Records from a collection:
Segment Open
definition is_split :: "'a set \<Rightarrow> 'a set set \<Rightarrow> bool" where
  "is_split X s \<longleftrightarrow> (\<exists>A. A \<noteq> {} \<and> A \<subseteq> X \<and> A \<noteq> X \<and> s = {A, X - A})"

definition split_system :: "'a set \<Rightarrow> 'a set set set \<Rightarrow> bool" where
  "split_system X S \<longleftrightarrow> (\<forall>s\<in>S. is_split X s)"

definition compatible :: "'a set set \<Rightarrow> 'a set set \<Rightarrow> bool" where
  "compatible s1 s2 \<longleftrightarrow> (\<exists>A1\<in>s1. \<exists>A2\<in>s2. A1 \<inter> A2 = {})"

text \<open>A circular ordering of X is represented by a list enumerating X without repetitions,
  read cyclically; two lists represent the same circular ordering iff they agree up to
  rotation and reflection.\<close>
definition circ_ordering :: "'a set \<Rightarrow> 'a list \<Rightarrow> bool" where
  "circ_ordering X xs \<longleftrightarrow> distinct xs \<and> set xs = X"

definition circ_equiv :: "'a list \<Rightarrow> 'a list \<Rightarrow> bool" where
  "circ_equiv xs ys \<longleftrightarrow> (\<exists>k. ys = rotate k xs \<or> ys = rotate k (rev xs))"

definition cyc_interval :: "'a list \<Rightarrow> nat \<Rightarrow> nat \<Rightarrow> 'a set" where
  "cyc_interval xs k m = set (take m (rotate k xs))"

definition circular_split :: "'a set \<Rightarrow> 'a list \<Rightarrow> 'a set set \<Rightarrow> bool" where
  "circular_split X xs s \<longleftrightarrow>
     is_split X s \<and> (\<exists>k m. s = {cyc_interval xs k m, X - cyc_interval xs k m})"

definition circular_system :: "'a set \<Rightarrow> 'a list \<Rightarrow> 'a set set set \<Rightarrow> bool" where
  "circular_system X xs S \<longleftrightarrow> (\<forall>s\<in>S. circular_split X xs s)"

text \<open>Twist of xs along the block I = cyc_interval xs k m (2 \<le> m \<le> n-2): the block is reversed.
  The result is given up to rotation (rotated so that the block starts the list).\<close>
definition twist :: "'a list \<Rightarrow> nat \<Rightarrow> nat \<Rightarrow> 'a list" where
  "twist xs k m = rev (take m (rotate k xs)) @ drop m (rotate k xs)"

definition admissible_twist_step :: "'a set \<Rightarrow> 'a set set set \<Rightarrow> 'a list \<Rightarrow> 'a list \<Rightarrow> bool" where
  "admissible_twist_step X S xs ys \<longleftrightarrow>
     circular_system X xs S \<and>
     (\<exists>k m. 2 \<le> m \<and> m + 2 \<le> length xs \<and>
        (\<forall>s\<in>S. compatible {cyc_interval xs k m, X - cyc_interval xs k m} s) \<and>
        circ_equiv (twist xs k m) ys)"

definition obtainable_by_admissible_twists :: "'a set \<Rightarrow> 'a set set set \<Rightarrow> 'a list \<Rightarrow> 'a list \<Rightarrow> bool" where
  "obtainable_by_admissible_twists X S xs ys \<longleftrightarrow>
     (\<exists>zs. (admissible_twist_step X S)\<^sup>*\<^sup>* xs zs \<and> circ_equiv zs ys)"

end

theory Submission
  imports Defs
begin

text \<open>Read an ordering L for which S is circular as a list starting from a fixed element x0.
  Every split of S then has a side that is a segment of L avoiding x0. If x0 lies outside a
  block I compatible with S, each such segment is disjoint from I, contained in I, or contains
  I, so reversing I maps it to a segment again. Hence admissible twists, like rotations and
  reflections, preserve circularity.

  Conversely, let S be circular for L and T, both starting with x0. Let j be the first position
  where L deviates from T, and e the last position whose entry lies before L!j in T. Reverse the
  block of L from j to e. A side of a split of S that avoids x0 is a segment of both L and T;
  if it crossed an end of the block, being a segment of T would force it to contain L!e,
  respectively L!j, which it cannot. So the reversal is an admissible twist, unless the block is
  all of L but x0, in which case it is a reflection. It moves to position j either T!j or an
  entry lying earlier in T than L!j, so finitely many such steps turn L into T.\<close>

section \<open>Circular equivalence\<close>

lemma rotate_inverse_exists: "\<exists>k'. rotate k' (rotate k xs) = xs"
proof (cases "xs = []")
  case False
  then have "(length xs - k mod length xs + k) mod length xs = 0"
    by (metis add.commute length_greater_0_conv mod_add_right_eq mod_less_divisor
        order.strict_implies_order le_add_diff_inverse mod_self)
  then have "rotate (length xs - k mod length xs) (rotate k xs) = xs"
    by (simp only: rotate_rotate rotate_id)
  then show ?thesis ..
qed simp

lemma rev_rotate_exists: "\<exists>k'. rev (rotate k xs) = rotate k' (rev xs)"
  using rotate_rev[of k "rev xs"] by auto

lemma circ_equiv_refl: "circ_equiv xs xs"
  unfolding circ_equiv_def by (metis rotate0 id_apply)

lemma circ_equiv_rotate: "circ_equiv xs (rotate k xs)"
  unfolding circ_equiv_def by blast

lemma circ_equiv_rotate_rev: "circ_equiv xs (rotate k (rev xs))"
  unfolding circ_equiv_def by blast

lemma circ_equiv_sym:
  assumes "circ_equiv xs ys"
  shows "circ_equiv ys xs"
proof -
  obtain k where "ys = rotate k xs \<or> ys = rotate k (rev xs)"
    using assms unfolding circ_equiv_def by blast
  then show ?thesis
  proof
    assume "ys = rotate k xs"
    then obtain k' where "xs = rotate k' ys"
      using rotate_inverse_exists by metis
    then show ?thesis using circ_equiv_rotate by metis
  next
    assume "ys = rotate k (rev xs)"
    then obtain k' where "rev ys = rotate k' xs"
      using rev_rotate_exists[of k "rev xs"] by auto
    then obtain k'' where "xs = rotate k'' (rev ys)"
      using rotate_inverse_exists by metis
    then show ?thesis using circ_equiv_rotate_rev by metis
  qed
qed

lemma circ_equiv_trans:
  assumes "circ_equiv xs ys" "circ_equiv ys zs"
  shows "circ_equiv xs zs"
proof -
  obtain a where a: "ys = rotate a xs \<or> ys = rotate a (rev xs)"
    using assms(1) unfolding circ_equiv_def by blast
  obtain b where b: "zs = rotate b ys \<or> zs = rotate b (rev ys)"
    using assms(2) unfolding circ_equiv_def by blast
  from a b show ?thesis
  proof (elim disjE)
    assume "ys = rotate a xs" "zs = rotate b (rev ys)"
    moreover obtain a' where "rev (rotate a xs) = rotate a' (rev xs)"
      using rev_rotate_exists by blast
    ultimately show ?thesis by (simp add: rotate_rotate circ_equiv_rotate_rev)
  next
    assume "ys = rotate a (rev xs)" "zs = rotate b (rev ys)"
    moreover obtain a' where "rev (rotate a (rev xs)) = rotate a' xs"
      using rev_rotate_exists[of a "rev xs"] by auto
    ultimately show ?thesis by (simp add: rotate_rotate circ_equiv_rotate)
  qed (simp_all add: rotate_rotate circ_equiv_rotate circ_equiv_rotate_rev)
qed

lemma circ_equiv_length: "circ_equiv xs ys \<Longrightarrow> length ys = length xs"
  unfolding circ_equiv_def by auto

lemma circ_equiv_set: "circ_equiv xs ys \<Longrightarrow> set ys = set xs"
  unfolding circ_equiv_def by auto

lemma circ_equiv_distinct: "circ_equiv xs ys \<Longrightarrow> distinct ys = distinct xs"
  unfolding circ_equiv_def by auto

lemma cyc_interval_rotate: "cyc_interval (rotate r xs) k m = cyc_interval xs (k + r) m"
  unfolding cyc_interval_def by (simp add: rotate_rotate)

lemma set_drop_eq_cyc_interval: "set (drop d xs) = cyc_interval xs d (length xs - d)"
proof (cases "d < length xs")
  case True
  then have "rotate d xs = drop d xs @ take d xs" by (simp add: rotate_drop_take)
  then show ?thesis unfolding cyc_interval_def by simp
qed (simp add: cyc_interval_def)

lemma cyc_interval_rev: "\<exists>k' m'. cyc_interval (rev xs) k m = cyc_interval xs k' m'"
proof -
  define q where "q = length xs - k mod length xs"
  have "cyc_interval (rev xs) k m = set (drop (length xs - m) (rotate q xs))"
    unfolding cyc_interval_def q_def rotate_rev by (simp add: take_rev)
  also have "\<dots> = cyc_interval xs (length xs - m + q) (length xs - (length xs - m))"
    by (simp add: set_drop_eq_cyc_interval cyc_interval_rotate)
  finally show ?thesis by blast
qed

lemma cyc_interval_circ_equiv:
  "circ_equiv xs ys \<Longrightarrow> \<exists>k' m'. cyc_interval ys k m = cyc_interval xs k' m'"
  unfolding circ_equiv_def by (metis cyc_interval_rotate cyc_interval_rev)

lemma circular_system_circ_equiv:
  assumes "circ_equiv xs ys" "circular_system X xs S"
  shows "circular_system X ys S"
  using assms cyc_interval_circ_equiv[OF circ_equiv_sym[OF assms(1)]]
  unfolding circular_system_def circular_split_def by metis

section \<open>Segments of a list and circular splits\<close>

definition seg :: "'a list \<Rightarrow> nat \<Rightarrow> nat \<Rightarrow> 'a set" where
  "seg L lo hi = set (take (hi - lo) (drop lo L))"

lemma seg_conv_nth: "seg L lo hi = {L ! i | i. lo \<le> i \<and> i < hi \<and> i < length L}"
proof -
  have "x \<in> seg L lo hi \<longleftrightarrow> (\<exists>i. x = L ! i \<and> lo \<le> i \<and> i < hi \<and> i < length L)" for x
  proof
    assume "x \<in> seg L lo hi"
    then obtain p where "p < min (hi - lo) (length L - lo)" "x = L ! (lo + p)"
      unfolding seg_def by (auto simp: in_set_conv_nth)
    then show "\<exists>i. x = L ! i \<and> lo \<le> i \<and> i < hi \<and> i < length L"
      by (intro exI[of _ "lo + p"]) auto
  next
    assume "\<exists>i. x = L ! i \<and> lo \<le> i \<and> i < hi \<and> i < length L"
    then obtain i where "x = L ! i" "lo \<le> i" "i < hi" "i < length L" by blast
    then show "x \<in> seg L lo hi"
      unfolding seg_def in_set_conv_nth by (intro exI[of _ "i - lo"]) auto
  qed
  then show ?thesis by blast
qed

lemma nth_in_seg_iff:
  "distinct L \<Longrightarrow> i < length L \<Longrightarrow> L ! i \<in> seg L lo hi \<longleftrightarrow> lo \<le> i \<and> i < hi"
  unfolding seg_conv_nth by (auto simp: nth_eq_iff_index_eq)

lemma seg_mono: "c \<le> a \<Longrightarrow> b \<le> d \<Longrightarrow> seg L a b \<subseteq> seg L c d"
  unfolding seg_conv_nth by auto

lemma seg_disjoint: "distinct L \<Longrightarrow> b \<le> c \<Longrightarrow> seg L a b \<inter> seg L c d = {}"
  unfolding seg_conv_nth by (auto simp: nth_eq_iff_index_eq)

lemma seg_empty: "hi \<le> lo \<Longrightarrow> seg L lo hi = {}"
  unfolding seg_def by simp

lemma seg_subset: "seg L lo hi \<subseteq> set L"
  unfolding seg_conv_nth by auto

lemma seg_append_left: "hi \<le> length xs \<Longrightarrow> seg (xs @ ys) lo hi = seg xs lo hi"
  unfolding seg_def by simp

lemma seg_append_right:
  "length xs \<le> lo \<Longrightarrow> seg (xs @ ys) lo hi = seg ys (lo - length xs) (hi - length xs)"
  unfolding seg_def by simp

lemma seg_append_suffix:
  "lo \<le> length xs \<Longrightarrow> seg (xs @ ys) lo (length xs + length ys) = set (drop lo xs) \<union> set ys"
  unfolding seg_def by simp

lemma seg_rev:
  "lo \<le> hi \<Longrightarrow> hi \<le> length xs \<Longrightarrow> seg (rev xs) lo hi = seg xs (length xs - hi) (length xs - lo)"
  unfolding seg_def by (simp add: drop_rev take_rev drop_take)

lemma diff_seg:
  assumes "distinct L" "lo \<le> hi"
  shows "set L - seg L lo hi = set (take lo L) \<union> set (drop hi L)"
proof -
  have "L = take lo L @ take (hi - lo) (drop lo L) @ drop hi L"
    using assms(2) by (metis append.assoc append_take_drop_id le_add_diff_inverse take_add)
  then have "distinct (take lo L @ take (hi - lo) (drop lo L) @ drop hi L)"
    "set L = set (take lo L) \<union> set (take (hi - lo) (drop lo L)) \<union> set (drop hi L)"
    using assms(1) by (metis, metis Un_assoc set_append)
  then show ?thesis unfolding seg_def by auto
qed

lemma cyc_interval_subset: "cyc_interval L k m \<subseteq> set L"
  unfolding cyc_interval_def by (metis set_rotate set_take_subset)

lemma cyc_interval_side_seg:
  assumes "distinct L" "L \<noteq> []"
  shows "\<exists>a b. a \<le> b \<and> b \<le> length L \<and>
    seg L a b \<in> {cyc_interval L k m, set L - cyc_interval L k m}"
proof -
  define N k' p where "N = length L" and "k' = k mod N" and "p = min m N"
  have k': "k' < N" using assms(2) unfolding k'_def N_def by simp
  have p: "p \<le> N" unfolding p_def by simp
  have ci: "cyc_interval L k m = set (take p (drop k' L @ take k' L))"
    using k' unfolding cyc_interval_def rotate_drop_take p_def k'_def N_def
    by (simp add: min_def)
  show ?thesis
  proof (cases "k' + p \<le> N")
    case True
    then have "cyc_interval L k m = seg L k' (k' + p)"
      unfolding ci seg_def N_def by simp
    then show ?thesis using True unfolding N_def by (metis insertI1 le_add1)
  next
    case False
    txt \<open>The interval wraps around the end of L, so its complement does not.\<close>
    then have "cyc_interval L k m = set (take (k' + p - N) L) \<union> set (drop k' L)"
      using p k' unfolding ci N_def by (auto simp: min_def add.commute)
    moreover have "k' + p - N \<le> k'" using p by simp
    ultimately have "set L - seg L (k' + p - N) k' = cyc_interval L k m"
      using diff_seg[OF assms(1)] by simp
    then have "seg L (k' + p - N) k' = set L - cyc_interval L k m"
      using double_diff[OF seg_subset order_refl] by metis
    then show ?thesis using \<open>k' + p - N \<le> k'\<close> k' unfolding N_def
      by (metis insertCI less_imp_le)
  qed
qed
Segment Closed
Problem: Keep only the lines from the one containing "then show ?thesis unfolding seg_def by auto" to the end of the entries, and repeat them exactly.

Answer box:
  then show ?thesis unfolding seg_def by auto
qed

lemma cyc_interval_subset: "cyc_interval L k m \<subseteq> set L"
  unfolding cyc_interval_def by (metis set_rotate set_take_subset)

lemma cyc_interval_side_seg:
  assumes "distinct L" "L \<noteq> []"
  shows "\<exists>a b. a \<le> b \<and> b \<le> length L \<and>
    seg L a b \<in> {cyc_interval L k m, set L - cyc_interval L k m}"
proof -
  define N k' p where "N = length L" and "k' = k mod N" and "p = min m N"
  have k': "k' < N" using assms(2) unfolding k'_def N_def by simp
  have p: "p \<le> N" unfolding p_def by simp
  have ci: "cyc_interval L k m = set (take p (drop k' L @ take k' L))"
    using k' unfolding cyc_interval_def rotate_drop_take p_def k'_def N_def
    by (simp add: min_def)
  show ?thesis
  proof (cases "k' + p \<le> N")
    case True
    then have "cyc_interval L k m = seg L k' (k' + p)"
      unfolding ci seg_def N_def by simp
    then show ?thesis using True unfolding N_def by (metis insertI1 le_add1)
  next
    case False
    txt \<open>The interval wraps around the end of L, so its complement does not.\<close>
    then have "cyc_interval L k m = set (take (k' + p - N) L) \<union> set (drop k' L)"
      using p k' unfolding ci N_def by (auto simp: min_def add.commute)
    moreover have "k' + p - N \<le> k'" using p by simp
    ultimately have "set L - seg L (k' + p - N) k' = cyc_interval L k m"
      using diff_seg[OF assms(1)] by simp
    then have "seg L (k' + p - N) k' = set L - cyc_interval L k m"
      using double_diff[OF seg_subset order_refl] by metis
    then show ?thesis using \<open>k' + p - N \<le> k'\<close> k' unfolding N_def
      by (metis insertCI less_imp_le)
  qed
qed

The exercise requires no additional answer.